Opinion by Helge Nome
The Stelmach government in Alberta has let another animal out the back door. It is called “Bill 19” and makes the previous Bill 46 look like a rather tame puppy.
Just to tickle your memory a little bit: Bill 46 poked its nose out the door in 2007 amongst all the controversy over the proposed 500 kilovolt power line between Edmonton and Calgary. It was an aggressive little beast seeking to limit landholders' rights to oppose power corridor developments over their lands and retroactively legitimized scandalous actions by the Energy Utilities Board in its dealings with the public. During this time, the EUB was also found to have hired spies to listen in on the conversations of objectors to proposals being heard by the board. As the dust settled towards the end of 2007, a slightly muted Bill 46 was passed by the legislature, creating the Alberta Utilities Commission and so splitting the EUB into the Energy Resources Conservation Board (ERCB) and the AUC. And nameplates were shuffled on the doors of the various operatives without any evidence in a change of attitude as is now indicated by the emergence of Bill19.
Here is a quote from the Edmonton Journal:
“Alberta Green Party leader Joe Anglin, who spearheaded landowner opposition during the first hearings into the Edmonton-Calgary 500 KV transmission line, called the bill "one of the most draconian attempts to streamline the expropriation process of private property known to a democratic society."

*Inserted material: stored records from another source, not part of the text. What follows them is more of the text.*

(* Let $G$ be a complete tiered graph on vertex set $[n]$. Then for every $k\ge0$, $\dim_{\mathbb K}\mathcal C_G^{k}=\dim_{\mathbb K}\mathcal S_G^{k}$, where $\mathcal C_G^k$ and $\mathcal S_G^k$ denote the degree-$k$ homogeneous components of $\mathcal C_G$ and $\mathcal S_G$.
   Context: A complete tiered graph on $[n]$ with surjective tiering $\mathbf t:[n]\to[m]$ has edge set exactly $\{\{i,j\}: i<j,\ \mathbf t(i)<\mathbf t(j)\}$. $\mathbb K$ is a field of characteristic $0$. A subset $H\subseteq E(G)$ is slim if $(V(G),E(G)\setminus H)$ is connected. $\Phi_G$ is the commutative $\mathbb K$-algebra generated by variables $\phi_e$, $e\in E(G)$, subject to $\phi_e^2=0$ for all $e$ and $\prod_{e\in H}\phi_e=0$ for every non-slim $H\subseteq E(G)$. $\mathcal C_G$ is the subalgebra of $\Phi_G$ generated by $X_i=\sum_{e\in E(G)}c_{i,e}\phi_e$ ($i\in[n]$), where $c_{i,e}=1$ if $e=\{i,j\}$ with $i<j$, $c_{i,e}=-1$ if $e=\{i,j\}$ with $i>j$, and $c_{i,e}=0$ otherwise; it is graded by degree in the $X_i$. For $e=\{i,j\}$ with $i<j$ let $z_e=z_i-z_j$ and $Z_H=\prod_{e\in H}z_e$; $\mathcal S_G\subseteq\mathbb K[z_1,\dots,z_n]$ is the span of all $Z_H$ with $H$ slim, graded by polynomial degree. *)

theory Defs
  imports Main "HOL.Vector_Spaces" "HOL-Library.Poly_Mapping"
begin

text \<open>Vertex set [n] = {1..n}; an edge {i,j} with i<j is stored as the pair (i,j).
  The complete tiered graph for tiering t has edges {i,j}, i<j, t i < t j.\<close>

definition tiered_edges :: "nat \<Rightarrow> (nat \<Rightarrow> nat) \<Rightarrow> (nat \<times> nat) set" where
  "tiered_edges n t = {(i, j). i \<in> {1..n} \<and> j \<in> {1..n} \<and> i < j \<and> t i < t j}"

definition graph_connected :: "nat set \<Rightarrow> (nat \<times> nat) set \<Rightarrow> bool" where
  "graph_connected V F \<longleftrightarrow> (\<forall>u\<in>V. \<forall>v\<in>V. (u, v) \<in> (F \<union> F\<inverse>)\<^sup>*)"

definition slim :: "nat \<Rightarrow> (nat \<Rightarrow> nat) \<Rightarrow> (nat \<times> nat) set \<Rightarrow> bool" where
  "slim n t H \<longleftrightarrow> H \<subseteq> tiered_edges n t \<and> graph_connected {1..n} (tiered_edges n t - H)"

definition sc :: "'a::field \<Rightarrow> (('v \<Rightarrow>\<^sub>0 nat) \<Rightarrow>\<^sub>0 'a) \<Rightarrow> (('v \<Rightarrow>\<^sub>0 nat) \<Rightarrow>\<^sub>0 'a)" where
  "sc c p = Poly_Mapping.map (\<lambda>x. c * x) p"

definition pvar :: "'v \<Rightarrow> (('v \<Rightarrow>\<^sub>0 nat) \<Rightarrow>\<^sub>0 'a::comm_ring_1)" where
  "pvar x = Poly_Mapping.single (Poly_Mapping.single x 1) 1"

definition ideal_gen :: "'r::comm_ring_1 set \<Rightarrow> 'r set" where
  "ideal_gen S = {p. \<exists>F r. finite F \<and> F \<subseteq> S \<and> p = (\<Sum>s\<in>F. r s * s)}"

definition homog :: "nat \<Rightarrow> (('v \<Rightarrow>\<^sub>0 nat) \<Rightarrow>\<^sub>0 'a::zero) \<Rightarrow> bool" where
  "homog k p \<longleftrightarrow> (\<forall>mon\<in>Poly_Mapping.keys p. (\<Sum>x\<in>Poly_Mapping.keys mon. Poly_Mapping.lookup mon x) = k)"
lemma pseudo_regret_eq_expected_gaps:
  assumes "valid_policy K \<pi>" "valid_instance K D \<nu>"
  shows "pseudo_regret K D T \<nu> \<pi> =
         measure_pmf.expectation (hist \<nu> \<pi> T) (\<lambda>h. \<Sum>p\<leftarrow>h. arm_gap K D \<nu> (fst p))"
proof -
  let ?\<mu> = "min_mean_delay K \<nu> / real D"
  have "measure_pmf.expectation (hist \<nu> \<pi> T) (\<lambda>h. \<Sum>p\<leftarrow>h. real (snd p) / real D) =
        measure_pmf.expectation (hist \<nu> \<pi> T) (\<lambda>h. \<Sum>p\<leftarrow>h. mean_delay \<nu> (fst p) / real D)"
    unfolding expectation_hist_sum_cost[OF assms, where f = "\<lambda>d. real d / real D"]
    by (simp add: mean_delay_def)
  also have "\<dots> = measure_pmf.expectation (hist \<nu> \<pi> T)
                    (\<lambda>h. (\<Sum>p\<leftarrow>h. arm_gap K D \<nu> (fst p)) + real T * ?\<mu>)"
    unfolding arm_gap_def diff_divide_distrib
    by (intro expectation_cong_pmf) (simp add: sum_list_subtractf sum_list_triv length_hist del: hist.simps)
  finally show ?thesis
    unfolding pseudo_regret_def
    by (simp add: expectation_add_finite finite_set_pmf_hist[OF assms] del: hist.simps)
qed

lemma map_pmf_take_hist: "n \<le> t \<Longrightarrow> map_pmf (take n) (hist \<nu> \<pi> t) = hist \<nu> \<pi> n"
proof (induction t)
  case (Suc t)
  show ?case
  proof (cases "n = Suc t")
    case True
    then have "map_pmf (take n) (hist \<nu> \<pi> (Suc t)) = map_pmf id (hist \<nu> \<pi> (Suc t))"
      by (intro map_pmf_cong refl) (simp add: length_hist del: hist.simps)
    then show ?thesis using True by simp
  next
    case False
    then have "n \<le> t" using Suc.prems by simp
    have "map_pmf (take n) (hist \<nu> \<pi> (Suc t)) =
          hist \<nu> \<pi> t \<bind> (\<lambda>h. \<pi> t (observe t h) \<bind> (\<lambda>i. \<nu> i \<bind> (\<lambda>d. return_pmf (take n h))))"
      unfolding hist.simps map_bind_pmf map_return_pmf
      using \<open>n \<le> t\<close> by (intro bind_pmf_cong refl) (simp add: length_hist)
    then have "map_pmf (take n) (hist \<nu> \<pi> (Suc t)) = map_pmf (take n) (hist \<nu> \<pi> t)"
      by (simp add: map_pmf_def)
    then show ?thesis using Suc.IH \<open>n \<le> t\<close> by simp
  qed
qed simp

lemma expected_prefix_gaps_le_pseudo_regret:
  assumes "valid_policy K \<pi>" "valid_instance K D \<nu>" "n \<le> T"
  shows "measure_pmf.expectation (hist \<nu> \<pi> n) (\<lambda>h. \<Sum>p\<leftarrow>h. arm_gap K D \<nu> (fst p))
         \<le> pseudo_regret K D T \<nu> \<pi>"
proof -
  let ?G = "\<lambda>h. \<Sum>p\<leftarrow>h. arm_gap K D \<nu> (fst p)"
  have "?G (take n h) \<le> ?G h" if "h \<in> set_pmf (hist \<nu> \<pi> T)" for h
  proof -
    have "0 \<le> ?G (drop n h)"
      using hist_entry_in_support[OF assms(1) that] arm_gap_nonneg
      by (intro sum_list_nonneg) (auto dest!: in_set_dropD)
    moreover have "?G h = ?G (take n h) + ?G (drop n h)"
      by (metis append_take_drop_id map_append sum_list_append)
    ultimately show ?thesis by simp
  qed
  then have "measure_pmf.expectation (hist \<nu> \<pi> T) (\<lambda>h. ?G (take n h)) \<le> pseudo_regret K D T \<nu> \<pi>"
    unfolding pseudo_regret_eq_expected_gaps[OF assms(1,2)]
    by (intro expectation_mono_finite finite_set_pmf_hist[OF assms(1,2)])
  then show ?thesis
    by (simp add: map_pmf_take_hist[OF assms(3), symmetric] del: hist.simps)
qed

fun blind_arms :: "policy \<Rightarrow> nat \<Rightarrow> nat list pmf" where
  "blind_arms \<pi> 0 = return_pmf []"
| "blind_arms \<pi> (Suc t) =
     bind_pmf (blind_arms \<pi> t) (\<lambda>a.
     bind_pmf (\<pi> t (map (\<lambda>i. (i, None)) a)) (\<lambda>i. return_pmf (a @ [i])))"
(* Let $V$ be an infinite-dimensional vector space over a field $\mathbb{F}$, let $\lambda\in\mathbb{F}$, and let $p_1,p_2,p_3\in\mathbb{F}[t]$ be split polynomials of degree $2$. Then $\lambda\,\mathrm{id}_V$ is a $(p_1,p_2,p_3)$-sum if and only if $\lambda$ is a $(p_1,p_2,p_3)$-sum or $2\lambda=\operatorname{tr}p_1+\operatorname{tr}p_2+\operatorname{tr}p_3$.
   Context: An endomorphism $u$ is a $(p_1,p_2,p_3)$-sum if $u=u_1+u_2+u_3$ for some endomorphisms $u_k$ of $V$ with $p_k(u_k)=0$ for all $k$. A scalar $\lambda$ is a $(p_1,p_2,p_3)$-sum if $\lambda=x_1+x_2+x_3$ with $x_k\in\mathbb{F}$ and $p_k(x_k)=0$ for all $k$. The trace $\operatorname{tr}p$ of a nonconstant polynomial $p$ with leading coefficient $\alpha$ is the opposite of the coefficient of $\alpha^{-1}p$ on $t^{\deg p-1}$. *)

theory Defs
  imports Main "HOL-Computational_Algebra.Polynomial"
begin

definition poly_endo :: "('a::field \<Rightarrow> 'v::ab_group_add \<Rightarrow> 'v) \<Rightarrow> 'a poly \<Rightarrow> ('v \<Rightarrow> 'v) \<Rightarrow> ('v \<Rightarrow> 'v)" where
  "poly_endo scale p u = (\<lambda>v. \<Sum>i\<le>degree p. scale (coeff p i) ((u ^^ i) v))"

definition split_poly :: "'a::field poly \<Rightarrow> bool" where
  "split_poly p \<longleftrightarrow> (\<exists>c rs. p = smult c (\<Prod>r\<leftarrow>rs. [:- r, 1:]))"

definition poly_trace :: "'a::field poly \<Rightarrow> 'a" where
  "poly_trace p = - (coeff p (degree p - 1) / lead_coeff p)"

definition scalar_sum3 :: "'a::field poly \<Rightarrow> 'a poly \<Rightarrow> 'a poly \<Rightarrow> 'a \<Rightarrow> bool" where
  "scalar_sum3 p1 p2 p3 lam \<longleftrightarrow>
     (\<exists>x1 x2 x3. poly p1 x1 = 0 \<and> poly p2 x2 = 0 \<and> poly p3 x3 = 0 \<and> lam = x1 + x2 + x3)"

definition endo_sum3 :: "('a::field \<Rightarrow> 'v::ab_group_add \<Rightarrow> 'v) \<Rightarrow> 'a poly \<Rightarrow> 'a poly \<Rightarrow> 'a poly \<Rightarrow> ('v \<Rightarrow> 'v) \<Rightarrow> bool" where
  "endo_sum3 scale p1 p2 p3 u \<longleftrightarrow>
     (\<exists>u1 u2 u3. Vector_Spaces.linear scale scale u1 \<and> Vector_Spaces.linear scale scale u2 \<and>
        Vector_Spaces.linear scale scale u3 \<and>
        poly_endo scale p1 u1 = (\<lambda>_. 0) \<and> poly_endo scale p2 u2 = (\<lambda>_. 0) \<and>
        poly_endo scale p3 u3 = (\<lambda>_. 0) \<and>
        u = (\<lambda>v. u1 v + u2 v + u3 v))"

end

theory Submission
  imports Defs
begin
(* For any $\Delta:N\setminus\{0\}\to\mathbb N$ and any $g\in\mathbb N$, the set of types $(\Gamma,u)$ of tropical curves of degree $\Delta$ and genus $g$ that are realized by at least one tropical curve (i.e. $\mathcal T_{(\Gamma,u)}\neq\emptyset$) is finite.
   Context: $N$ is a free abelian group of rank $n\ge2$, $N_\mathbb Q=N\otimes\mathbb Q$, $N_\mathbb R=N\otimes\mathbb R$. An open graph $\Gamma$ is obtained from a connected finite graph without divalent vertices by deleting its univalent vertices; vertices $\Gamma^{[0]}$, edges $\Gamma^{[1]}$, unbounded (non-compact) edges $\Gamma^{[1]}_\infty$, weights $w:\Gamma^{[1]}\to\mathbb Z_{>0}$; flags are pairs $(V,E)$ with $V$ an endpoint of $E$. A tropical curve is (an isomorphism class of) a proper map $h:\Gamma\to N_\mathbb R$ such that each $h|_E$ is an embedding into an affine line of rational slope, $h(V)\in N_\mathbb Q$, and at each vertex $\sum_{E\ni V}w(E)u_{(V,E)}=0$, where $u_{(V,E)}\in N$ is the primitive vector from $h(V)$ in the direction of $h(E)$. Its type is the weighted graph $\Gamma$ together with the map $u$ on flags; $\mathcal T_{(\Gamma,u)}$ is the set of tropical curves of that type. Genus $=b_1(\Gamma)$. Degree: $\Delta(v)=\#\{E\in\Gamma^{[1]}_\infty:w(E)u_{(V,E)}=v\}$, $V$ the vertex of $E$. *)

theory Defs
  imports "HOL-Analysis.Analysis"
begin

text \<open>The lattice N is int ^ 'n (rank CARD('n)); N_R is real ^ 'n.
  A type of tropical curve is encoded combinatorially with vertices and edges labelled by
  natural numbers.  ends e is the set of endpoints of edge e (two for a bounded edge,
  one for an unbounded edge), wt is the weight, dir v e is the primitive vector u_(v,e)
  attached to the flag (v,e).\<close>

record ('n::finite) trop_type =
  tverts :: "nat set"
  tedges :: "nat set"
  tunb   :: "nat set"
  tends  :: "nat \<Rightarrow> nat set"
  twt    :: "nat \<Rightarrow> nat"
  tdir   :: "nat \<Rightarrow> nat \<Rightarrow> int ^ 'n"

definition primitive_vec :: "int ^ ('n::finite) \<Rightarrow> bool" where
  "primitive_vec v \<longleftrightarrow> v \<noteq> 0 \<and> (\<forall>(k::int) w. v = k *s w \<longrightarrow> \<bar>k\<bar> = 1)"

definition bounded_edges :: "('n::finite) trop_type \<Rightarrow> nat set" where
  "bounded_edges T = tedges T - tunb T"

definition flag_count :: "('n::finite) trop_type \<Rightarrow> nat \<Rightarrow> nat" where
  "flag_count T v = card {e \<in> tedges T. v \<in> tends T e}"

text \<open>Open graph: finite, connected, nonempty vertex set, no vertex of valence 1 or 2
  (univalent vertices were removed, divalent ones are excluded), bounded edges have two
  distinct endpoints, unbounded edges have exactly one endpoint; positive weights;
  u is a primitive vector on every flag.\<close>
definition is_trop_type :: "('n::finite) trop_type \<Rightarrow> bool" where
  "is_trop_type T \<longleftrightarrow>
     finite (tverts T) \<and> finite (tedges T) \<and> tverts T \<noteq> {} \<and> tunb T \<subseteq> tedges T \<and>
     (\<forall>e\<in>tedges T. tends T e \<subseteq> tverts T) \<and>
     (\<forall>e\<in>bounded_edges T. card (tends T e) = 2) \<and>
     (\<forall>e\<in>tunb T. card (tends T e) = 1) \<and>
     (\<forall>a\<in>tverts T. \<forall>b\<in>tverts T.
        (a, b) \<in> {(x, y). \<exists>e\<in>bounded_edges T. tends T e = {x, y}}\<^sup>*) \<and>
     (\<forall>v\<in>tverts T. flag_count T v \<noteq> 1 \<and> flag_count T v \<noteq> 2) \<and>
     (\<forall>e\<in>tedges T. twt T e > 0) \<and>
     (\<forall>e\<in>tedges T. \<forall>v\<in>tends T e. primitive_vec (tdir T v e))"

definition real_vec :: "int ^ ('n::finite) \<Rightarrow> real ^ 'n" where
  "real_vec u = (\<chi> i. real_of_int (u $ i))"

definition rat_point :: "real ^ ('n::finite) \<Rightarrow> bool" where
  "rat_point x \<longleftrightarrow> (\<forall>i. x $ i \<in> \<rat>)"

text \<open>A tropical curve of type T: positions h v in N_Q of the vertices such that every
  bounded edge is mapped to a nondegenerate segment whose primitive directions at its two
  ends are the prescribed ones (unbounded edges are then the rays h v + R_{\<ge>0} u_(v,e)),
  and the balancing condition holds at every vertex.\<close>
definition is_trop_curve :: "('n::finite) trop_type \<Rightarrow> (nat \<Rightarrow> real ^ 'n) \<Rightarrow> bool" where
  "is_trop_curve T h \<longleftrightarrow>
     (\<forall>v\<in>tverts T. rat_point (h v)) \<and>
     (\<forall>e\<in>bounded_edges T. \<forall>a b. tends T e = {a, b} \<and> a \<noteq> b \<longrightarrow>
        (\<exists>l::real. l > 0 \<and> h b - h a = l *\<^sub>R real_vec (tdir T a e)
                          \<and> h a - h b = l *\<^sub>R real_vec (tdir T b e))) \<and>
     (\<forall>v\<in>tverts T. (\<Sum>e\<in>{e \<in> tedges T. v \<in> tends T e}. int (twt T e) *s tdir T v e) = 0)"

definition realizable :: "('n::finite) trop_type \<Rightarrow> bool" where
  "realizable T \<longleftrightarrow> (\<exists>h. is_trop_curve T h)"

definition trop_genus :: "('n::finite) trop_type \<Rightarrow> int" where
  "trop_genus T = int (card (bounded_edges T)) - int (card (tverts T)) + 1"

definition has_degree :: "(int ^ 'n \<Rightarrow> nat) \<Rightarrow> ('n::finite) trop_type \<Rightarrow> bool" where
  "has_degree \<Delta> T \<longleftrightarrow> (\<forall>v. v \<noteq> 0 \<longrightarrow>
     \<Delta> v = card {e \<in> tunb T. \<exists>x\<in>tends T e. int (twt T e) *s tdir T x e = v})"

definition type_iso :: "('n::finite) trop_type \<Rightarrow> ('n::finite) trop_type \<Rightarrow> bool" where
  "type_iso T T' \<longleftrightarrow> (\<exists>\<sigma> \<tau>.
     bij_betw \<sigma> (tverts T) (tverts T') \<and> bij_betw \<tau> (tedges T) (tedges T') \<and>
     \<tau> ` tunb T = tunb T' \<and>
     (\<forall>e\<in>tedges T. tends T' (\<tau> e) = \<sigma> ` tends T e \<and> twt T' (\<tau> e) = twt T e \<and>
        (\<forall>v\<in>tends T e. tdir T' (\<sigma> v) (\<tau> e) = tdir T v e)))"

end

theory Submission
  imports Defs
begin

text \<open>Up to isomorphism, a type is described by finitely many data once the numbers of its
  vertices and edges, its weights and its primitive vectors are bounded.  All vertices are at
  least trivalent, so the genus and the number of unbounded ends, which is fixed by \<open>\<Delta>\<close>,
  bound the size of the graph.  For the weights and directions, cut a realizing curve by a
  hyperplane \<open>x\<^sub>i = c\<close> meeting a bounded edge: balancing at the vertices above
  the cut shows that the \<open>i\<close>-th component of the weighted direction of that edge is at most
  the total \<open>i\<close>-th flux of the unbounded ends, which is bounded in terms of \<open>\<Delta>\<close>.\<close>

lemma primitive_vec_nonzero: "primitive_vec v \<Longrightarrow> v \<noteq> 0"
  by (simp add: primitive_vec_def)

lemma is_trop_typeD:
  assumes "is_trop_type T"
  shows "finite (tverts T)" "finite (tedges T)" "tunb T \<subseteq> tedges T"
    and "\<And>e. e \<in> tedges T \<Longrightarrow> tends T e \<subseteq> tverts T"
  using assms by (auto simp: is_trop_type_def)

lemma trop_type_unbounded_end:
  assumes "is_trop_type T" "e \<in> tunb T"
  obtains x where "tends T e = {x}"
  using assms by (auto simp: is_trop_type_def card_1_singleton_iff)

lemma trop_type_bounded_ends:
  assumes "is_trop_type T" "e \<in> bounded_edges T"
  obtains x y where "tends T e = {x, y}" "x \<noteq> y"
proof -
  have "card (tends T e) = 2" using assms by (simp add: is_trop_type_def)
  then show ?thesis using that by (auto simp: card_2_iff)
qed

lemma sum_tedges_split:
  assumes "is_trop_type T"
  shows "(\<Sum>e\<in>tedges T. f e) = (\<Sum>e\<in>bounded_edges T. f e) + (\<Sum>e\<in>tunb T. f e)"
proof -
  have "tedges T = bounded_edges T \<union> tunb T" "bounded_edges T \<inter> tunb T = {}"
    using is_trop_typeD(3)[OF assms] by (auto simp: bounded_edges_def)
  then show ?thesis
    using is_trop_typeD(2)[OF assms] by (metis finite_Un sum.union_disjoint)
qed

lemma trop_type_flag_nonzero:
  assumes "is_trop_type T" "e \<in> tedges T" "x \<in> tends T e"
  shows "twt T e > 0" "tdir T x e \<noteq> 0"
proof -
  show "twt T e > 0" using assms unfolding is_trop_type_def by blast
  have "primitive_vec (tdir T x e)" using assms unfolding is_trop_type_def by blast
  then show "tdir T x e \<noteq> 0" by (rule primitive_vec_nonzero)
qed

lemma trop_type_tends_nonempty:
  assumes "is_trop_type T" "e \<in> tedges T"
  shows "tends T e \<noteq> {}"
proof -
  have "card (tends T e) \<noteq> 0"
    using assms by (cases "e \<in> tunb T") (auto simp: is_trop_type_def bounded_edges_def)
  then show ?thesis by auto
qed

lemma weighted_dir_nonzero:
  assumes "is_trop_type T" "e \<in> tedges T" "x \<in> tends T e"
  shows "int (twt T e) *s tdir T x e \<noteq> 0"
  using trop_type_flag_nonzero[OF assms] by (auto simp: vec_eq_iff)

lemma weighted_vec_bounds:
  fixes u :: "int ^ 'n::finite"
  assumes "u \<noteq> 0" "w > 0" "\<And>j. \<bar>int w * u $ j\<bar> \<le> K"
  shows "int w \<le> K" "\<bar>u $ j\<bar> \<le> K"
proof -
  obtain j0 where "u $ j0 \<noteq> 0" using assms(1) by (auto simp: vec_eq_iff)
  then have "int w \<le> \<bar>int w * u $ j0\<bar>"
    by (simp add: abs_mult mult_le_cancel_left1 zero_less_abs_iff int_one_le_iff_zero_less)
  then show "int w \<le> K" using assms(3) order_trans by blast
  have "\<bar>u $ j\<bar> \<le> \<bar>int w * u $ j\<bar>"
    using assms(2) by (simp add: abs_mult mult_le_cancel_right1)
  then show "\<bar>u $ j\<bar> \<le> K" using assms(3) order_trans by blast
qed

definition deg_support :: "(int ^ 'n \<Rightarrow> nat) \<Rightarrow> (int ^ ('n::finite)) set" where
  "deg_support \<Delta> = {v. v \<noteq> 0 \<and> \<Delta> v > 0}"

definition deg_total :: "(int ^ ('n::finite) \<Rightarrow> nat) \<Rightarrow> nat" where
  "deg_total \<Delta> = (\<Sum>v\<in>deg_support \<Delta>. \<Delta> v)"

Bill 19 makes it legal for any cabinet minister to take away anyone's home, land or property "for pretty much any reason they so desire," he said.
"If the minister thinks you are going to contravene his or her orders, they can order you to stop what they think you are going to do, and if you don't stop what they think you might do, they can put you in jail."
The bill carries heavy penalties for people who break regulations. Violators face fines of up to $100,000 or up to two years in prison or both while corporations can be fined up to $1 million.”
Fancy that; the agents of Big Energy are at it again, using the Stelmach puppies to look after their interests by trying to coerce Albertans into letting them do whatever they want.